*** Given records ***

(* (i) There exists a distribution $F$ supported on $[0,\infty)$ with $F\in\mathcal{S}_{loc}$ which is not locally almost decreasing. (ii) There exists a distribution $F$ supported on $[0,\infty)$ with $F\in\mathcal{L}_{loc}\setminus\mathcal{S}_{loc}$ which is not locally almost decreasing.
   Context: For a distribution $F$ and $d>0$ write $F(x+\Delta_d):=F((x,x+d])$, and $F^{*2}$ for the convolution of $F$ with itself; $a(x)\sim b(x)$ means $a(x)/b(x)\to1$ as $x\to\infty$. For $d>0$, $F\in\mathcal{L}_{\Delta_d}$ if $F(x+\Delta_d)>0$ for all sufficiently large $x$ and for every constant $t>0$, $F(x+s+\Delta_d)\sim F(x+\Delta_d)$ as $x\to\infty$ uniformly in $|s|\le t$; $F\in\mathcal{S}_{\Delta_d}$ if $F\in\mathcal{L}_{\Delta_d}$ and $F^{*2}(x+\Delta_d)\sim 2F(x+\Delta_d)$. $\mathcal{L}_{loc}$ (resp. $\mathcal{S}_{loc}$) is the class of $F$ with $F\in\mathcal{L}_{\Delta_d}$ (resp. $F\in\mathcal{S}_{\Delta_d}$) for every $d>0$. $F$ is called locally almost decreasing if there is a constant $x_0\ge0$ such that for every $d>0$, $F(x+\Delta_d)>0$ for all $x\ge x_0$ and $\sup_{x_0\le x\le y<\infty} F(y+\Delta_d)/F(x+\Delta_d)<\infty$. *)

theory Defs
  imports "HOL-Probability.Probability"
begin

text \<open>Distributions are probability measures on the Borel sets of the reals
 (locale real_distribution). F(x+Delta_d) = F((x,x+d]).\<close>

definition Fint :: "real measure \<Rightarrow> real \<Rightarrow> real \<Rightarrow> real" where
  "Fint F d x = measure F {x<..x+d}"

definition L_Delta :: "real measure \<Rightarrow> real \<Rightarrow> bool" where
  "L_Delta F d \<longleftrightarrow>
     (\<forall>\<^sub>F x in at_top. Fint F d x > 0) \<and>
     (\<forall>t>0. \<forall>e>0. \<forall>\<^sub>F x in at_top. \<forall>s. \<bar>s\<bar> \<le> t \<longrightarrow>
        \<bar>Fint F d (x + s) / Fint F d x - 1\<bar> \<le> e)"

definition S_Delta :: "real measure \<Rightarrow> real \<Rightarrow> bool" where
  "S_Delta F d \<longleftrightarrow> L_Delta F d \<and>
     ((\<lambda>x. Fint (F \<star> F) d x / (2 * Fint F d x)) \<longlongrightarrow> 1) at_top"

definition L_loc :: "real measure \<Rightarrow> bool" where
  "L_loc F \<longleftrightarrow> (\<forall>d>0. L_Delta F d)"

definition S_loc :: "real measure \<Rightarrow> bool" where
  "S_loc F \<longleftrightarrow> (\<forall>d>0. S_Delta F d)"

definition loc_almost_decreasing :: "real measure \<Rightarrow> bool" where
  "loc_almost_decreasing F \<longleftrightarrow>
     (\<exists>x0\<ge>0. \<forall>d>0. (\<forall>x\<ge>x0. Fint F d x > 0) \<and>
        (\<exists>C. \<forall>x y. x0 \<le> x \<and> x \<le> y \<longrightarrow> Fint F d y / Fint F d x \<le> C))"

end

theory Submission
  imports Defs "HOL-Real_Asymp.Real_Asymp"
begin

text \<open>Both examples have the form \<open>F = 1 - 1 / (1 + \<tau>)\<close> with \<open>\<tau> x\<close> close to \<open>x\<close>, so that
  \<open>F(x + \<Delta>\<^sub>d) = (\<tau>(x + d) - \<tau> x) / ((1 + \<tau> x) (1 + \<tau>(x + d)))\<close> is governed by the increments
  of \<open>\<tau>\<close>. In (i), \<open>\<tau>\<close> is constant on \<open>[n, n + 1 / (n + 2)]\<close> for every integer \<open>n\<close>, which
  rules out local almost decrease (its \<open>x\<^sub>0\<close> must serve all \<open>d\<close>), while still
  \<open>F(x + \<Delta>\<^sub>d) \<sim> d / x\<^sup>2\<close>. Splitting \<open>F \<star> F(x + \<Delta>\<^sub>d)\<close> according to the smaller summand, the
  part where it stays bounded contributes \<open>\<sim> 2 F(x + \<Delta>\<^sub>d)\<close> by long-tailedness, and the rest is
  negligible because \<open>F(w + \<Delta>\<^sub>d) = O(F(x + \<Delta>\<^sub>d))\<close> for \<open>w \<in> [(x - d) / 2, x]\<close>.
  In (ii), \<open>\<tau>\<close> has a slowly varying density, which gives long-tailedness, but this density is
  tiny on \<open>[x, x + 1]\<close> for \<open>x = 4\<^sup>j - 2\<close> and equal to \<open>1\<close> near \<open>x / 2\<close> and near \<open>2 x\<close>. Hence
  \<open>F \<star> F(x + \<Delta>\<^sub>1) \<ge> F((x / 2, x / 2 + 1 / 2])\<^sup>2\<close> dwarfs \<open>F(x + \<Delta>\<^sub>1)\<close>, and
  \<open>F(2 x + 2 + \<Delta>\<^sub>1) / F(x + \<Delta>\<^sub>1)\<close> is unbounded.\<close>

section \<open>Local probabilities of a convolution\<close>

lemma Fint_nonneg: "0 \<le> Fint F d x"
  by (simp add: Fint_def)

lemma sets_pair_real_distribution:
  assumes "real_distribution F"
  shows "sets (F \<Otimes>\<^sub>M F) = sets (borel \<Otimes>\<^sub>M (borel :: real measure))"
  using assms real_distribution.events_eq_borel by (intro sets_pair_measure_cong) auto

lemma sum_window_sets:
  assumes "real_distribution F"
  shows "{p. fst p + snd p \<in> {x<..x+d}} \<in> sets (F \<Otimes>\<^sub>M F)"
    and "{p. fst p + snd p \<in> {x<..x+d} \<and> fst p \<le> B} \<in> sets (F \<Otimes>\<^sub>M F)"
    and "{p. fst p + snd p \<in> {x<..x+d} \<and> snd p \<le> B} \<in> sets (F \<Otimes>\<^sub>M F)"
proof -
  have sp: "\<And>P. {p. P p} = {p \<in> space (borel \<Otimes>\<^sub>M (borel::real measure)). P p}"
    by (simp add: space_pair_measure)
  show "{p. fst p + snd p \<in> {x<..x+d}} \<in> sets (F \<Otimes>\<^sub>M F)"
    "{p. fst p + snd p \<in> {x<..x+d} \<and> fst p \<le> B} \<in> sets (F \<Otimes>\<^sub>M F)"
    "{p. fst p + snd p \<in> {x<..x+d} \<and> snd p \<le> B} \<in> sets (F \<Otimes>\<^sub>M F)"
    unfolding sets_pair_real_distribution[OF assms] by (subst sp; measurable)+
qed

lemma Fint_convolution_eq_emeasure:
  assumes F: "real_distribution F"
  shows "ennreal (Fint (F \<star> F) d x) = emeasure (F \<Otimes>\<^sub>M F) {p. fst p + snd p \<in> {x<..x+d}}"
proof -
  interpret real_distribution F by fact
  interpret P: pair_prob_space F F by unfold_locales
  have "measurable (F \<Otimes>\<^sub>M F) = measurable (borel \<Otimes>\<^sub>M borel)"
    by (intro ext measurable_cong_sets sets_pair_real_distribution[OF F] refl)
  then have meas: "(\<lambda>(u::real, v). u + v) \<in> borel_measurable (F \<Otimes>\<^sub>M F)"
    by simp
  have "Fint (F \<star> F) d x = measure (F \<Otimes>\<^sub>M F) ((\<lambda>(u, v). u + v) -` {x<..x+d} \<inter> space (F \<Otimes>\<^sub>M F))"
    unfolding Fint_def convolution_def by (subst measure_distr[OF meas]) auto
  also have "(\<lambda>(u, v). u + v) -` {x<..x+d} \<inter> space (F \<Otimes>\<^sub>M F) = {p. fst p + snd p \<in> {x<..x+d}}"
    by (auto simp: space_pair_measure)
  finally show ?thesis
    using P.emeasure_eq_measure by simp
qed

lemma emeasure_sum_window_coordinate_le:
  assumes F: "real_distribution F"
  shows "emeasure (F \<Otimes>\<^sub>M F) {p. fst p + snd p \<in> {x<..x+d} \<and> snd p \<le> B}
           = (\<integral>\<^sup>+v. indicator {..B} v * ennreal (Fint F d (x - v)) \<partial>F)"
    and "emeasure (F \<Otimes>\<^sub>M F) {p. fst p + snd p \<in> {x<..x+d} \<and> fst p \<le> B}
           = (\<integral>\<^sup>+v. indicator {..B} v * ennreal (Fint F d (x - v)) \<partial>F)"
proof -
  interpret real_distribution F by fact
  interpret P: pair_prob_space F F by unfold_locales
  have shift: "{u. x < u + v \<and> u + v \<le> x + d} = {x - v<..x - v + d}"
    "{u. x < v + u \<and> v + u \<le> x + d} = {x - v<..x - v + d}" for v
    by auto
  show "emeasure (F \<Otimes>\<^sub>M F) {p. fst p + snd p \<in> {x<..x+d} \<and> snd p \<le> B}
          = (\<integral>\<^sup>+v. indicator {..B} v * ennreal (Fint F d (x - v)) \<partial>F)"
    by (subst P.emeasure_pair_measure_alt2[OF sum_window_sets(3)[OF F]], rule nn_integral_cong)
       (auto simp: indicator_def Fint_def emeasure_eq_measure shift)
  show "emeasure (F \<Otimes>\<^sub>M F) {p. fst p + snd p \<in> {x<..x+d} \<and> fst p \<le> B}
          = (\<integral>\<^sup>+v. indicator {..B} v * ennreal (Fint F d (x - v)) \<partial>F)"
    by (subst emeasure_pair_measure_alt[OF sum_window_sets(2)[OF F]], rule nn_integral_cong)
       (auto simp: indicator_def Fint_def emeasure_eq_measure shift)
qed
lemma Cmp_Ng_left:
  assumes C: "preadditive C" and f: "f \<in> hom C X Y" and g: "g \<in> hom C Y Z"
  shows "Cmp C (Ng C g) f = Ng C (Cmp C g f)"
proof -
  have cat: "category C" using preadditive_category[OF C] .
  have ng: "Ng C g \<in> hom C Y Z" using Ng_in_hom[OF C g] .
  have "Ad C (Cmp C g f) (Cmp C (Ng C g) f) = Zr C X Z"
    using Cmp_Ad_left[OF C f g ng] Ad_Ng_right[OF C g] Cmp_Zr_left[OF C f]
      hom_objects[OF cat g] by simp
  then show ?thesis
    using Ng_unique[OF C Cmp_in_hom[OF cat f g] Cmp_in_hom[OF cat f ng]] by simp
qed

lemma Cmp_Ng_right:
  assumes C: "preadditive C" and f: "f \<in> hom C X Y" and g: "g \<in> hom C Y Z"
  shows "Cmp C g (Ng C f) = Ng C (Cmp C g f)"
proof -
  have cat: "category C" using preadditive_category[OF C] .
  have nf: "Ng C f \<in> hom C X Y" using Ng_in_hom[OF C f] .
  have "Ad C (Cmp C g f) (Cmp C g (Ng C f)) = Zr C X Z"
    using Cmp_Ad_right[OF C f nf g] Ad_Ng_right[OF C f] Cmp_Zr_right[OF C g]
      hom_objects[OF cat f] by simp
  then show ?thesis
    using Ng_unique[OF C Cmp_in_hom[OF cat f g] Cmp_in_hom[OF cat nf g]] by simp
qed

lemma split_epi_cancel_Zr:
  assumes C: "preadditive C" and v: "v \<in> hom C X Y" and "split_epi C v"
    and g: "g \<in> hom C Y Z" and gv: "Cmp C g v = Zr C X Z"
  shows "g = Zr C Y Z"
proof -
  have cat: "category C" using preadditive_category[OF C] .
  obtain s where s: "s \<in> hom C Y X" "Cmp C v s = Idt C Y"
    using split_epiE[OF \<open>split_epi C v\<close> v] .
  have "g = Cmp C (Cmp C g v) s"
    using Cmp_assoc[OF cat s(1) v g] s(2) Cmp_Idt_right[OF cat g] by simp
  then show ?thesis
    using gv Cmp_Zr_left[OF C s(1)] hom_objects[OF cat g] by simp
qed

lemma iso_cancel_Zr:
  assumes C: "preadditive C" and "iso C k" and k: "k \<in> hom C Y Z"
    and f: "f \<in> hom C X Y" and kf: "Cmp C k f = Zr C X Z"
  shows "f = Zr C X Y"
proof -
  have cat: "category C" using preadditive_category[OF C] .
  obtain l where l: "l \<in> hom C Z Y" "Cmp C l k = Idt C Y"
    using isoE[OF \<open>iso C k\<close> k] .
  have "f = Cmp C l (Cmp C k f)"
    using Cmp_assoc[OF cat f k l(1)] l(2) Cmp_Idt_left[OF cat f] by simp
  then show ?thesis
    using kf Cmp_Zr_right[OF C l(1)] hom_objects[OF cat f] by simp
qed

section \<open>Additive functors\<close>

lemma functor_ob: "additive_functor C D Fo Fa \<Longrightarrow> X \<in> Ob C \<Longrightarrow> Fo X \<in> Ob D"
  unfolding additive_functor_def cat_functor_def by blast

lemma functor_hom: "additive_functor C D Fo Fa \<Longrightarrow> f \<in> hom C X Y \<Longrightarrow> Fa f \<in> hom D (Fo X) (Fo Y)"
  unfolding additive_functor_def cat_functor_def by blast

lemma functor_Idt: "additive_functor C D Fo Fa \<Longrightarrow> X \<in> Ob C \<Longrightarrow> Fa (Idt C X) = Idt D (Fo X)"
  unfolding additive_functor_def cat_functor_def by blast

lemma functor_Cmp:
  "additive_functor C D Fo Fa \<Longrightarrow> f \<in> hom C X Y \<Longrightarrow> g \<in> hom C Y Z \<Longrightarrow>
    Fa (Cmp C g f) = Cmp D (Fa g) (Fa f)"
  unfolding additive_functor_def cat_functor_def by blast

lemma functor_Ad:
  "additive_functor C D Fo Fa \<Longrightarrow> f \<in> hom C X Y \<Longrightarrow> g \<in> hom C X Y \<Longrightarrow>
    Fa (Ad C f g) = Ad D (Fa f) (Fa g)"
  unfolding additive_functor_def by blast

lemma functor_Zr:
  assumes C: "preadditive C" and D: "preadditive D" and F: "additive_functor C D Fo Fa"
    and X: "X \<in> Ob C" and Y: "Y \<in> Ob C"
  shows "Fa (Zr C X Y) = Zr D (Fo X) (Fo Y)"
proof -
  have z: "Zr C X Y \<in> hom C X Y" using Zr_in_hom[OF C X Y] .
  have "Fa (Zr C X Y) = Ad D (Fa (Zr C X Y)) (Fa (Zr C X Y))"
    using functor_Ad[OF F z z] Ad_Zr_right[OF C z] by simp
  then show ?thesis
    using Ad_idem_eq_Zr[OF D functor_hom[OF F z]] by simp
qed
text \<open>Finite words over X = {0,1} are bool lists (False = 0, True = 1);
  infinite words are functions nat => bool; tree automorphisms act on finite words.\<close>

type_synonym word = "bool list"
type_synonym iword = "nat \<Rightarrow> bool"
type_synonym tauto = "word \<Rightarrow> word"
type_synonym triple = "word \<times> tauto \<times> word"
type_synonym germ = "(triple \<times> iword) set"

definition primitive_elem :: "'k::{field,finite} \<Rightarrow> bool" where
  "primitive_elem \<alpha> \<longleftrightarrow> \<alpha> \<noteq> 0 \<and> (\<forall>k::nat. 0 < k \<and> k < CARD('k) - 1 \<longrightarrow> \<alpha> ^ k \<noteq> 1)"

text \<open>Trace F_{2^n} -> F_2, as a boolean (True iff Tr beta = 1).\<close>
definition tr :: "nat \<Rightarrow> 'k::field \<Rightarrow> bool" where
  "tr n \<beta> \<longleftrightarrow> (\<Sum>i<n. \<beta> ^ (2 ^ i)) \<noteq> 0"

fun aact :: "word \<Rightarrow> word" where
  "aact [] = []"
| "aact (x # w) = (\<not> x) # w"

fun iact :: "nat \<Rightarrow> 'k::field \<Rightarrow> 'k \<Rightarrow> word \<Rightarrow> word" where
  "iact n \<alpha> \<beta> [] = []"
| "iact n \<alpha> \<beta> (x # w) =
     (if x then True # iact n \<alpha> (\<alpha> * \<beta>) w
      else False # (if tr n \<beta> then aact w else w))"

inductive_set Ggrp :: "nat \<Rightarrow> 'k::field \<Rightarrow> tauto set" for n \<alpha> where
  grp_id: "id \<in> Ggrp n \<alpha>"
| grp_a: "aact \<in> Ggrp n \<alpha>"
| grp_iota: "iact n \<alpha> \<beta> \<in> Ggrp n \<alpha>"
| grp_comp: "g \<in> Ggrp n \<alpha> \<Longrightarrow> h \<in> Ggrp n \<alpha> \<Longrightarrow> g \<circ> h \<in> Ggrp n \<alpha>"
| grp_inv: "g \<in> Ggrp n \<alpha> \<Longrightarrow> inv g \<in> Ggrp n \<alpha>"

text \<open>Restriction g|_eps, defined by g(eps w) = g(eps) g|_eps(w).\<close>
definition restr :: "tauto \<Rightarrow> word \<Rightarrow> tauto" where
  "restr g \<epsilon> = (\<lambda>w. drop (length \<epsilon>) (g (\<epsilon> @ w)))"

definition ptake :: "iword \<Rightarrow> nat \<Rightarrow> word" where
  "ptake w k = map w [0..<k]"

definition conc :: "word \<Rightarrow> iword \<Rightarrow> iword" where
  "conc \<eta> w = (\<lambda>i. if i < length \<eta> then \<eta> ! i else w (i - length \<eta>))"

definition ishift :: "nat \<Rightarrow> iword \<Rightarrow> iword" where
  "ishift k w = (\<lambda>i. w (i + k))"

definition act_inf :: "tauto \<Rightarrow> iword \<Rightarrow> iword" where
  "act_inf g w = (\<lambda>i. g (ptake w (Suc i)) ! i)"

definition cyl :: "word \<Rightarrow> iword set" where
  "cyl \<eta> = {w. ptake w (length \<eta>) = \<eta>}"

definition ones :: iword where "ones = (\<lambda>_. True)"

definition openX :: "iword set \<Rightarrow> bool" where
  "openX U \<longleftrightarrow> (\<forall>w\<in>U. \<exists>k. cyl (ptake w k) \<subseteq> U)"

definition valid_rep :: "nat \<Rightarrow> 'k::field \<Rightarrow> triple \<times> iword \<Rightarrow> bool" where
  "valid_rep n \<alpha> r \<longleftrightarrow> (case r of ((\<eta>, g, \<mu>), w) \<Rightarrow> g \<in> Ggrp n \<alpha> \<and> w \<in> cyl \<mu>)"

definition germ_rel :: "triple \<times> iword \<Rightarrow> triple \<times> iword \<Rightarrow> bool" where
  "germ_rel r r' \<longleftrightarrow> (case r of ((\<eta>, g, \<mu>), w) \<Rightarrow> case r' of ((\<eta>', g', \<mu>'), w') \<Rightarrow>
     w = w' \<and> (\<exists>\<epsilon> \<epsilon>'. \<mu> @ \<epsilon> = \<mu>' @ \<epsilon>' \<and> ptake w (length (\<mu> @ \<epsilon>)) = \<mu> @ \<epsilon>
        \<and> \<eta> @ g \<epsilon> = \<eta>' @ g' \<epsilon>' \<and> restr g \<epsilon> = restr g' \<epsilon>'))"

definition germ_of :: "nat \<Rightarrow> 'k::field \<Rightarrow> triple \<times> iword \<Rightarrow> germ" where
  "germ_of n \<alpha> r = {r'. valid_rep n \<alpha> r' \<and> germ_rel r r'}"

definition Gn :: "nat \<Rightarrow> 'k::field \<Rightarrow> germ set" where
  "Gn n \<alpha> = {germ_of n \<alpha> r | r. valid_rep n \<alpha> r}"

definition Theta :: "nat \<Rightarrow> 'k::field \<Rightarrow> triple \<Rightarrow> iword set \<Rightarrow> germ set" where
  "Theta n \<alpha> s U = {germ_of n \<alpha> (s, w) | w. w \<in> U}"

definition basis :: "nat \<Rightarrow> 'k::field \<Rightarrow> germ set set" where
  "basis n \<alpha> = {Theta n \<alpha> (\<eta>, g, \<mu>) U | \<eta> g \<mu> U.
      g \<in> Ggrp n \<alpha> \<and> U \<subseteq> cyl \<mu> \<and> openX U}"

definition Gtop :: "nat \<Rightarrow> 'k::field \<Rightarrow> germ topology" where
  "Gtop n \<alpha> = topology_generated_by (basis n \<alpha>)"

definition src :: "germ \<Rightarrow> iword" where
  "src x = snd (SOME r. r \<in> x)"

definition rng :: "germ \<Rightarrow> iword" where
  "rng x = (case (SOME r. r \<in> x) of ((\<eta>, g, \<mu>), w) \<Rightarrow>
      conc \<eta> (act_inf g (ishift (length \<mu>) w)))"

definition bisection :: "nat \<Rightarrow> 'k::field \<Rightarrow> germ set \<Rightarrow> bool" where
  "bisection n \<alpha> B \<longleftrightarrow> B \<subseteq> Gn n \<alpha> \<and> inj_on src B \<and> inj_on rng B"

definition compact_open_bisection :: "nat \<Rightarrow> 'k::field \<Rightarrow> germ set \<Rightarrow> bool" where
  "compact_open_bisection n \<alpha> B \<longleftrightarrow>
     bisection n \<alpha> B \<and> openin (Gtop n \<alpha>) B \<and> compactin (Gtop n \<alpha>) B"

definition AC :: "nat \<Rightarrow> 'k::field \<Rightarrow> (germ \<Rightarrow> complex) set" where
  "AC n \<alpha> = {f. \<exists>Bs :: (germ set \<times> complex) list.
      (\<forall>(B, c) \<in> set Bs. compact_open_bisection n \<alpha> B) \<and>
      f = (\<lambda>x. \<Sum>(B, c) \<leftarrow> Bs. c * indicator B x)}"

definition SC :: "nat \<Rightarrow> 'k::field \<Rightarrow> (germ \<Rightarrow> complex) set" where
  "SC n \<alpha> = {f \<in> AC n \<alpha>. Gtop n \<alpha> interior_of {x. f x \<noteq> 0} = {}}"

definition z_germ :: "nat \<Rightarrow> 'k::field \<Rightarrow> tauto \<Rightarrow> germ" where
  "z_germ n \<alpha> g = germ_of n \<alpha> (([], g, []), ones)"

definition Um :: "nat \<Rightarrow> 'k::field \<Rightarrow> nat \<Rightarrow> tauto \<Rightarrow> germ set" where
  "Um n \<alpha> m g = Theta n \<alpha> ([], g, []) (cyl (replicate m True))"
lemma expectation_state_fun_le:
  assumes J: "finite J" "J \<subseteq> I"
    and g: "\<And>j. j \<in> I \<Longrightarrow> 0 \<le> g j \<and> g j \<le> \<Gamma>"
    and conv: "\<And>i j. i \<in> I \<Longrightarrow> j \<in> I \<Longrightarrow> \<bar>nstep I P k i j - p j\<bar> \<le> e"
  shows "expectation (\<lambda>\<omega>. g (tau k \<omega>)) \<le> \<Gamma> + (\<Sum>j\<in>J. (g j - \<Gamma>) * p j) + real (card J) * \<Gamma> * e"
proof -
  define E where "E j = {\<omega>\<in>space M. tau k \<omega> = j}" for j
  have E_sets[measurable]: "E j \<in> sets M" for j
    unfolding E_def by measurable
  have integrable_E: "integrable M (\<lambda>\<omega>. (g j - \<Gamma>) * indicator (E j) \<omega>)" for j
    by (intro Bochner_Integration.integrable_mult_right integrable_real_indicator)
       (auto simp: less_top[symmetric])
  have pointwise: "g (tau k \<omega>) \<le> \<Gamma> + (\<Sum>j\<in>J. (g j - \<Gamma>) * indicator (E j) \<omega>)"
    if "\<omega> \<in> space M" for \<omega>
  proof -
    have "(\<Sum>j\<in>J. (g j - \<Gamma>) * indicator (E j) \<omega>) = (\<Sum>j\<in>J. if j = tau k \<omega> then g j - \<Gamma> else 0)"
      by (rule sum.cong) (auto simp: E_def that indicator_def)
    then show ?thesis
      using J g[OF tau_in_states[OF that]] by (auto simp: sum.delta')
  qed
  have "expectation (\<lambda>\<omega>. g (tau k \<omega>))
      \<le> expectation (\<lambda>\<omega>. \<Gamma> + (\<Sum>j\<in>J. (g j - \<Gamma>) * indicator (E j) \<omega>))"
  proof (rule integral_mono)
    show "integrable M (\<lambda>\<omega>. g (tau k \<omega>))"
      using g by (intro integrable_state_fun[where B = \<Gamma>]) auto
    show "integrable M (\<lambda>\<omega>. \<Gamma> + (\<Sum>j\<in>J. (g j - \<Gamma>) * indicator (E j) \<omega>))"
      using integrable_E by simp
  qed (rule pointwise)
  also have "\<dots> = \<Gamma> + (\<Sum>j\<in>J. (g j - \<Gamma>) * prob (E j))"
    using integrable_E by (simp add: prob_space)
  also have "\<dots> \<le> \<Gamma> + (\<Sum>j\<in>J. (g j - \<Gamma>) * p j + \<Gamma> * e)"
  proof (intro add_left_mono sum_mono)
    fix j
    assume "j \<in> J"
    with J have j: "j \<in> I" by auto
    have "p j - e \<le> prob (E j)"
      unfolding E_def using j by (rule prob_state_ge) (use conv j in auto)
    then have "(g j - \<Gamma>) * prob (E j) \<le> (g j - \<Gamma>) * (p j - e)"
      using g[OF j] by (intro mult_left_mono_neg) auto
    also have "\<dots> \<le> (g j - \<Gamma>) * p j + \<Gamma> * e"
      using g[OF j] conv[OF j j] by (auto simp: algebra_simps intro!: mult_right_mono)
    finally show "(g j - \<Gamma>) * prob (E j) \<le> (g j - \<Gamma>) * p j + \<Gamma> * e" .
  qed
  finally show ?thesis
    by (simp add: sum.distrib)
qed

*** End of Given records ***

After reading through the material, report every line that holds "dots".

▸ **Output of the task**:
  also have "\<dots> = \<Gamma> + (\<Sum>j\<in>J. (g j - \<Gamma>) * prob (E j))"
  also have "\<dots> \<le> \<Gamma> + (\<Sum>j\<in>J. (g j - \<Gamma>) * p j + \<Gamma> * e)"
    also have "\<dots> \<le> (g j - \<Gamma>) * p j + \<Gamma> * e"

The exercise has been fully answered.